Whence Salvation?

It is by the name of Jesus Christ of Nazareth, whom you crucified but whom God raised from the dead, that this man stands before you healed. He is “ ‘the stone you builders rejected, which has become the capstone.’  Salvation is found in no-one else, for there is no. other name under heaven given to men by which we must be saved.”

Acts 4.10-12

Humans have an “awesome power to save ourselves”, Boris Johnson told world leaders last night, urging them to spend more on combating climate change.

The Times – Thursday 23rd September

In coupling the words recorded for us in the Book of Acts which follow on from a miraculous healing of a man lame from birth, with the Times quote from the Prime Minister, I fully appreciate that the ideas of salvation in each case are very different. However they show up major fault line in our government and national thinking, which is increasingly mirrored throughout the western world, namely that we can save ourselves and that Jesus Christ is effectively irrelevant.

The ‘super pride’ in man which says “we can do it” is daily exposed to be based on a fiction, as instead of everything we touch being turned to gold it is more often than not turned to dust.

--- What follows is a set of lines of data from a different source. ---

(* Let $\{\mathcal T^+,\mathcal T^-\}$ be a closed orientation of a medium with $n$ states. Then for any state $S$, at most $\log_2 n$ tokens in $\mathcal T^+$ are effective for $S$.
   Context: A medium consists of a finite set of states and a set $\mathcal T$ of tokens, each token $t$ acting as a function on states, written $S\mapsto St$. Tokens concatenate into messages (words); $Sw$ denotes the state obtained by applying the tokens of $w$ successively to $S$. A token $t$ has a reverse $\tilde t$ if for any two distinct states $S\neq Q$, $St=Q$ iff $Q\tilde t=S$. A message is inconsistent if it contains some token together with its reverse, and consistent otherwise. A message $w$ is vacuous if for each token $t$ it contains equally many copies of $t$ and $\tilde t$. A token $t$ is effective for $S$ if $St\neq S$; a message is stepwise effective for $S$ if each successive token is effective for the state it is applied to. The axioms of a medium are: (1) each token has a unique reverse; (2) for any two distinct states $S,Q$ there is a consistent message $w$ with $Sw=Q$; (3) if $w$ is stepwise effective for $S$, then $Sw=S$ iff $w$ is vacuous; (4) if $Sw=Qz$, $w$ is stepwise effective for $S$, $z$ is stepwise effective for $Q$, and both $w,z$ are consistent, then $wz$ is consistent. An orientation is a partition $\{\mathcal T^+,\mathcal T^-\}$ of $\mathcal T$ such that for each token $t$ exactly one of $t,\tilde t$ lies in $\mathcal T^+$ (the positive tokens). An orientation is closed if whenever two positive tokens $t,t'$ are both effective for a state $S$, the messages $tt'$ and $t't$ are stepwise effective for $S$. *)

theory Defs
  imports Complex_Main
begin

definition apply_msg :: "('t \<Rightarrow> 'a \<Rightarrow> 'a) \<Rightarrow> 'a \<Rightarrow> 't list \<Rightarrow> 'a" where
  "apply_msg act s w = fold act w s"

definition is_reverse :: "'a set \<Rightarrow> ('t \<Rightarrow> 'a \<Rightarrow> 'a) \<Rightarrow> 't \<Rightarrow> 't \<Rightarrow> bool" where
  "is_reverse S act t u \<longleftrightarrow>
     (\<forall>P\<in>S. \<forall>Q\<in>S. P \<noteq> Q \<longrightarrow> (act t P = Q \<longleftrightarrow> act u Q = P))"

definition rev_tok :: "'a set \<Rightarrow> 't set \<Rightarrow> ('t \<Rightarrow> 'a \<Rightarrow> 'a) \<Rightarrow> 't \<Rightarrow> 't" where
  "rev_tok S T act t = (THE u. u \<in> T \<and> is_reverse S act t u)"

definition consistent :: "'a set \<Rightarrow> 't set \<Rightarrow> ('t \<Rightarrow> 'a \<Rightarrow> 'a) \<Rightarrow> 't list \<Rightarrow> bool" where
  "consistent S T act w \<longleftrightarrow> \<not> (\<exists>t\<in>set w. rev_tok S T act t \<in> set w)"

definition vacuous :: "'a set \<Rightarrow> 't set \<Rightarrow> ('t \<Rightarrow> 'a \<Rightarrow> 'a) \<Rightarrow> 't list \<Rightarrow> bool" where
  "vacuous S T act w \<longleftrightarrow>
     (\<forall>t\<in>T. count_list w t = count_list w (rev_tok S T act t))"

definition effective :: "('t \<Rightarrow> 'a \<Rightarrow> 'a) \<Rightarrow> 't \<Rightarrow> 'a \<Rightarrow> bool" where
  "effective act t s \<longleftrightarrow> act t s \<noteq> s"

fun stepwise_effective :: "('t \<Rightarrow> 'a \<Rightarrow> 'a) \<Rightarrow> 't list \<Rightarrow> 'a \<Rightarrow> bool" where
  "stepwise_effective act [] s = True"
| "stepwise_effective act (t # w) s \<longleftrightarrow> act t s \<noteq> s \<and> stepwise_effective act w (act t s)"

definition medium :: "'a set \<Rightarrow> 't set \<Rightarrow> ('t \<Rightarrow> 'a \<Rightarrow> 'a) \<Rightarrow> bool" where
  "medium S T act \<longleftrightarrow>
     finite S \<and>
     (\<forall>t\<in>T. \<forall>s\<in>S. act t s \<in> S) \<and>
     \<comment> \<open>(1) unique reverse\<close>
     (\<forall>t\<in>T. \<exists>!u. u \<in> T \<and> is_reverse S act t u) \<and>
     \<comment> \<open>(2) reachability by a consistent message\<close>
     (\<forall>P\<in>S. \<forall>Q\<in>S. P \<noteq> Q \<longrightarrow>
        (\<exists>w. set w \<subseteq> T \<and> consistent S T act w \<and> apply_msg act P w = Q)) \<and>
     \<comment> \<open>(3) stepwise effective returns iff vacuous\<close>
     (\<forall>P\<in>S. \<forall>w. set w \<subseteq> T \<longrightarrow> stepwise_effective act w P \<longrightarrow>
        (apply_msg act P w = P \<longleftrightarrow> vacuous S T act w)) \<and>
     \<comment> \<open>(4)\<close>
     (\<forall>P\<in>S. \<forall>Q\<in>S. \<forall>w z. set w \<subseteq> T \<longrightarrow> set z \<subseteq> T \<longrightarrow>
        apply_msg act P w = apply_msg act Q z \<longrightarrow>
        stepwise_effective act w P \<longrightarrow> stepwise_effective act z Q \<longrightarrow>
        consistent S T act w \<longrightarrow> consistent S T act z \<longrightarrow>
        consistent S T act (w @ z))"

definition orientation :: "'a set \<Rightarrow> 't set \<Rightarrow> ('t \<Rightarrow> 'a \<Rightarrow> 'a) \<Rightarrow> 't set \<Rightarrow> bool" where
  "orientation S T act Tp \<longleftrightarrow> Tp \<subseteq> T \<and>
     (\<forall>t\<in>T. (t \<in> Tp) \<noteq> (rev_tok S T act t \<in> Tp))"

definition closed_orientation :: "'a set \<Rightarrow> 't set \<Rightarrow> ('t \<Rightarrow> 'a \<Rightarrow> 'a) \<Rightarrow> 't set \<Rightarrow> bool" where
  "closed_orientation S T act Tp \<longleftrightarrow> orientation S T act Tp \<and>
     (\<forall>s\<in>S. \<forall>t\<in>Tp. \<forall>t'\<in>Tp. t \<noteq> t' \<longrightarrow> effective act t s \<longrightarrow> effective act t' s \<longrightarrow>
        stepwise_effective act [t, t'] s \<and> stepwise_effective act [t', t] s)"

end

theory Submission
  imports Defs
begin

text \<open>Let \<open>E\<close> be the set of positive tokens effective for \<open>S\<close>. By closedness, the tokens of any
subset \<open>A \<subseteq> E\<close>, applied to \<open>S\<close> in any order, form a stepwise effective message; let \<open>S\<^sub>A\<close> be the
state reached. If \<open>S\<^sub>A = S\<^sub>B\<close>, then the message for \<open>A\<close> followed by the message for \<open>B\<close> walked
backwards (reversed, with every token replaced by its reverse) is a stepwise effective closed walk
at \<open>S\<close>, hence vacuous by axiom (3). A token of \<open>A\<close> is positive, so its reverse cannot occur in
the first part, and it occurs in the second part only if the token lies in \<open>B\<close>. Hence \<open>A = B\<close>, so \<open>A \<mapsto> S\<^sub>A\<close> is injective and \<open>2\<^bsup>|E|\<^esup> \<le> n\<close>.\<close>

lemma apply_msg_Nil [simp]: "apply_msg act s [] = s"
  by (simp add: apply_msg_def)

lemma apply_msg_Cons [simp]: "apply_msg act s (t # w) = apply_msg act (act t s) w"
  by (simp add: apply_msg_def)

lemma apply_msg_append [simp]: "apply_msg act s (u @ v) = apply_msg act (apply_msg act s u) v"
  by (simp add: apply_msg_def)

lemma stepwise_effective_append:
  "stepwise_effective act (u @ v) s \<longleftrightarrow>
     stepwise_effective act u s \<and> stepwise_effective act v (apply_msg act s u)"
  by (induction u arbitrary: s) auto

lemma medium_finite: "medium S T act \<Longrightarrow> finite S"
  by (simp add: medium_def)

lemma medium_act_in_states: "medium S T act \<Longrightarrow> t \<in> T \<Longrightarrow> s \<in> S \<Longrightarrow> act t s \<in> S"
  by (simp add: medium_def)

lemma medium_apply_msg_in_states:
  assumes "medium S T act" "set w \<subseteq> T" "s \<in> S"
  shows "apply_msg act s w \<in> S"
  using assms(2,3) by (induction w arbitrary: s) (auto simp: medium_act_in_states[OF assms(1)])

lemma medium_vacuous_if_returns:
  assumes "medium S T act" "s \<in> S" "set w \<subseteq> T" "stepwise_effective act w s"
    and "apply_msg act s w = s"
  shows "vacuous S T act w"
proof -
  have "\<forall>P\<in>S. \<forall>w. set w \<subseteq> T \<longrightarrow> stepwise_effective act w P \<longrightarrow>
      (apply_msg act P w = P \<longleftrightarrow> vacuous S T act w)"
    using assms(1) unfolding medium_def by (elim conjE)
  with assms(2-5) show ?thesis by blast
qed

lemma medium_ex1_reverse: "medium S T act \<Longrightarrow> t \<in> T \<Longrightarrow> \<exists>!u. u \<in> T \<and> is_reverse S act t u"
  by (simp add: medium_def)

lemma medium_rev_tok:
  assumes "medium S T act" "t \<in> T"
  shows "rev_tok S T act t \<in> T" and "is_reverse S act t (rev_tok S T act t)"
proof -
  from medium_ex1_reverse[OF assms] have "rev_tok S T act t \<in> T \<and> is_reverse S act t (rev_tok S T act t)"
    unfolding rev_tok_def by (rule theI')
  then show "rev_tok S T act t \<in> T" and "is_reverse S act t (rev_tok S T act t)"
    by auto
qed

lemma medium_rev_tok_rev_tok:
  assumes "medium S T act" "t \<in> T"
  shows "rev_tok S T act (rev_tok S T act t) = t"
proof -
  let ?u = "rev_tok S T act t"
  have "is_reverse S act ?u t"
    using medium_rev_tok(2)[OF assms] unfolding is_reverse_def by metis
  moreover have "\<exists>!v. v \<in> T \<and> is_reverse S act ?u v"
    using medium_ex1_reverse[OF assms(1) medium_rev_tok(1)[OF assms]] .
  ultimately show ?thesis
    unfolding rev_tok_def[of S T act ?u] using assms(2) by (blast intro: the1_equality)
qed

lemma medium_rev_tok_undoes:
  assumes "medium S T act" "t \<in> T" "s \<in> S" "effective act t s"
  shows "act (rev_tok S T act t) (act t s) = s"
  using medium_rev_tok(2)[OF assms(1,2)] medium_act_in_states[OF assms(1-3)] assms(3,4)
  unfolding is_reverse_def effective_def by metis

definition reverse_msg :: "'a set \<Rightarrow> 't set \<Rightarrow> ('t \<Rightarrow> 'a \<Rightarrow> 'a) \<Rightarrow> 't list \<Rightarrow> 't list" where
  "reverse_msg S T act w = map (rev_tok S T act) (rev w)"

lemma medium_reverse_msg_walks_back:
  assumes "medium S T act" "set w \<subseteq> T" "s \<in> S" "stepwise_effective act w s"
  shows "stepwise_effective act (reverse_msg S T act w) (apply_msg act s w)
    \<and> apply_msg act (apply_msg act s w) (reverse_msg S T act w) = s"
  using assms(2-4)
proof (induction w arbitrary: s)
  case (Cons t w)
  have "t \<in> T" "effective act t s" "act t s \<in> S"
    using Cons.prems medium_act_in_states[OF assms(1)] by (auto simp: effective_def)
  with Cons show ?case
    using medium_rev_tok_undoes[OF assms(1)]
    by (auto simp: reverse_msg_def stepwise_effective_append effective_def)
qed (simp add: reverse_msg_def)

lemma closed_orientation_positive_msg_stepwise_effective:
  assumes "medium S T act" "closed_orientation S T act Tp"
    and "distinct w" "set w \<subseteq> Tp" "s \<in> S" "\<forall>t\<in>set w. effective act t s"
  shows "stepwise_effective act w s"
  using assms(3-6)
proof (induction w arbitrary: s)
  case (Cons t w)
  have "Tp \<subseteq> T"
    using assms(2) unfolding closed_orientation_def orientation_def by blast
  with Cons.prems have "act t s \<in> S"
    by (auto intro: medium_act_in_states[OF assms(1)])
  moreover have "effective act t' (act t s)" if "t' \<in> set w" for t'
  proof -
    have "t \<noteq> t'" "t \<in> Tp" "t' \<in> Tp" "effective act t s" "effective act t' s"
      using Cons.prems that by auto
    then have "stepwise_effective act [t, t'] s"
      using assms(2) Cons.prems(3) unfolding closed_orientation_def by blast
    then show ?thesis by (simp add: effective_def)
  qed
  ultimately show ?case
    using Cons by (simp add: effective_def)
qed simp

lemma orientation_positive_msgs_same_target_subset:
  assumes "medium S T act" "orientation S T act Tp" "s \<in> S"
    and "set w \<subseteq> Tp" "set z \<subseteq> Tp"
    and "stepwise_effective act w s" "stepwise_effective act z s"
    and "apply_msg act s w = apply_msg act s z"
  shows "set w \<subseteq> set z"
proof
  fix t assume "t \<in> set w"
  let ?rv = "rev_tok S T act"
  let ?loop = "w @ reverse_msg S T act z"
  have Tp_sub: "Tp \<subseteq> T" and orient: "\<And>t. t \<in> T \<Longrightarrow> (t \<in> Tp) \<noteq> (?rv t \<in> Tp)"
    using assms(2) unfolding orientation_def by auto
  have t: "t \<in> Tp" "t \<in> T"
    using \<open>t \<in> set w\<close> assms(4) Tp_sub by auto
  have "set ?loop \<subseteq> T"
    using assms(4,5) Tp_sub medium_rev_tok(1)[OF assms(1)] by (auto simp: reverse_msg_def)
  moreover have "stepwise_effective act ?loop s" and "apply_msg act s ?loop = s"
    using medium_reverse_msg_walks_back[OF assms(1) _ assms(3,7)] assms(5,6,8) Tp_sub
    by (auto simp: stepwise_effective_append)
  ultimately have "vacuous S T act ?loop"
    using medium_vacuous_if_returns[OF assms(1,3)] by blast
  then have "count_list ?loop (?rv t) = count_list ?loop t"
    using t(2) unfolding vacuous_def by metis
  also have "count_list ?loop t \<noteq> 0"
    using \<open>t \<in> set w\<close> by (simp add: count_list_0_iff)
  finally have "?rv t \<in> set w \<or> ?rv t \<in> ?rv ` set z"
    by (auto simp: count_list_0_iff reverse_msg_def)
  moreover have "?rv t \<notin> set w"
    using orient[OF t(2)] t(1) assms(4) by blast
  ultimately obtain t' where "t' \<in> set z" "?rv t = ?rv t'"
    by auto
  then show "t \<in> set z"
    using medium_rev_tok_rev_tok[OF assms(1)] t(2) assms(5) Tp_sub by (metis subsetD)
qed

lemma closed_orientation_two_pow_card_effective_le:
  assumes "medium S T act" "closed_orientation S T act Tp" "s \<in> S"
    and E_def: "E = {t \<in> Tp. effective act t s}" and "finite E"
  shows "2 ^ card E \<le> card S"
proof -
  obtain xs where xs: "distinct xs" "set xs = E"
    using \<open>finite E\<close> finite_distinct_list by blast
  define msg where "msg A = filter (\<lambda>t. t \<in> A) xs" for A
  have msg_set: "set (msg A) = A" if "A \<subseteq> E" for A
    using that xs(2) by (auto simp: msg_def)
  have msg_positive: "set (msg A) \<subseteq> Tp" for A
    using xs(2) E_def by (auto simp: msg_def)
  have msg_effective: "stepwise_effective act (msg A) s" for A
    using xs E_def
    by (intro closed_orientation_positive_msg_stepwise_effective[OF assms(1,2) _ _ assms(3)])
       (auto simp: msg_def)
  have orient: "orientation S T act Tp"
    using assms(2) by (simp add: closed_orientation_def)
  have "inj_on (\<lambda>A. apply_msg act s (msg A)) (Pow E)"
  proof (rule inj_onI)
    fix A B assume "A \<in> Pow E" "B \<in> Pow E" and eq: "apply_msg act s (msg A) = apply_msg act s (msg B)"
    then show "A = B"
      using orientation_positive_msgs_same_target_subset[OF assms(1) orient assms(3)
          msg_positive msg_positive msg_effective msg_effective]
        msg_set by (metis PowD eq subset_antisym)
  qed
  moreover have "(\<lambda>A. apply_msg act s (msg A)) ` Pow E \<subseteq> S"
    using msg_positive assms(2) medium_apply_msg_in_states[OF assms(1) _ assms(3)]
    unfolding closed_orientation_def orientation_def by blast
  ultimately have "card (Pow E) \<le> card S"
    using card_inj_on_le medium_finite[OF assms(1)] by blast
  then show ?thesis
    using \<open>finite E\<close> by (simp add: card_Pow)
qed

theorem mainTheorem6:
  fixes S :: "'a set" and T Tp :: "'t set" and act :: "'t \<Rightarrow> 'a \<Rightarrow> 'a" and s :: 'a
  assumes "medium S T act"
    and "closed_orientation S T act Tp"
    and "s \<in> S"
  shows "real (card {t \<in> Tp. effective act t s}) \<le> log 2 (real (card S))"
proof (cases "finite {t \<in> Tp. effective act t s}")
  case True
  then show ?thesis
    using closed_orientation_two_pow_card_effective_le[OF assms refl] le_log2_of_power by blast
next
  case False
  \<comment> \<open>\<open>Tp\<close> may be infinite, and then \<open>card\<close> of the infinite set of effective tokens is \<open>0\<close>.\<close>
  have "card S \<ge> 1"
    using assms(3) medium_finite[OF assms(1)] by (metis Suc_leI card_gt_0_iff empty_iff One_nat_def)
  then show ?thesis
    using False by simp
qed

end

That friction is that man is all powerful; that a generation inwardly focussed on ‘me’ will empower us;  that abandoning our Judeo-Christian foundations, has somehow freed the world to move ever upwards and that as long as we solve global warming this world will last forever.

In the midst of this chaos it is fascinating to read many non-Christian writers with the insight to see that although they do not believe in God they understand the need for the solid spiritual, ethical and moral foundations on which the western world was built, which are now increasingly abandoned because “we have awesome power to save ourselves”.

How should we, who own the name ‘Christian’, respond?

We must raise our heads above the parapet. We must not, we cannot be silent. There are so many areas of life, where without the spiritual and moral compass which God’s word gives, the trajectory is furhter and further into hopelessness and despair. As this accelerates we need to remember  the reply of Peter to Jesus when Jesus asked the disciples  “Do you want to leave too?” John 6.67-69

“Lord, to whom shall we go? You have the words of eternal life. We believe and know that you are the Holy One of God.”

In Jesus alone, is the source of eternal life. Not in solving global warming, which is only temporary; not by seeking to go carbon neutral which is a laudable aim as we are mandated by God to care for our world; not in any of the grand schemes that man imagines but in Jesus.

Let us be proactive in proclaiming this LIFE-GIVING truth.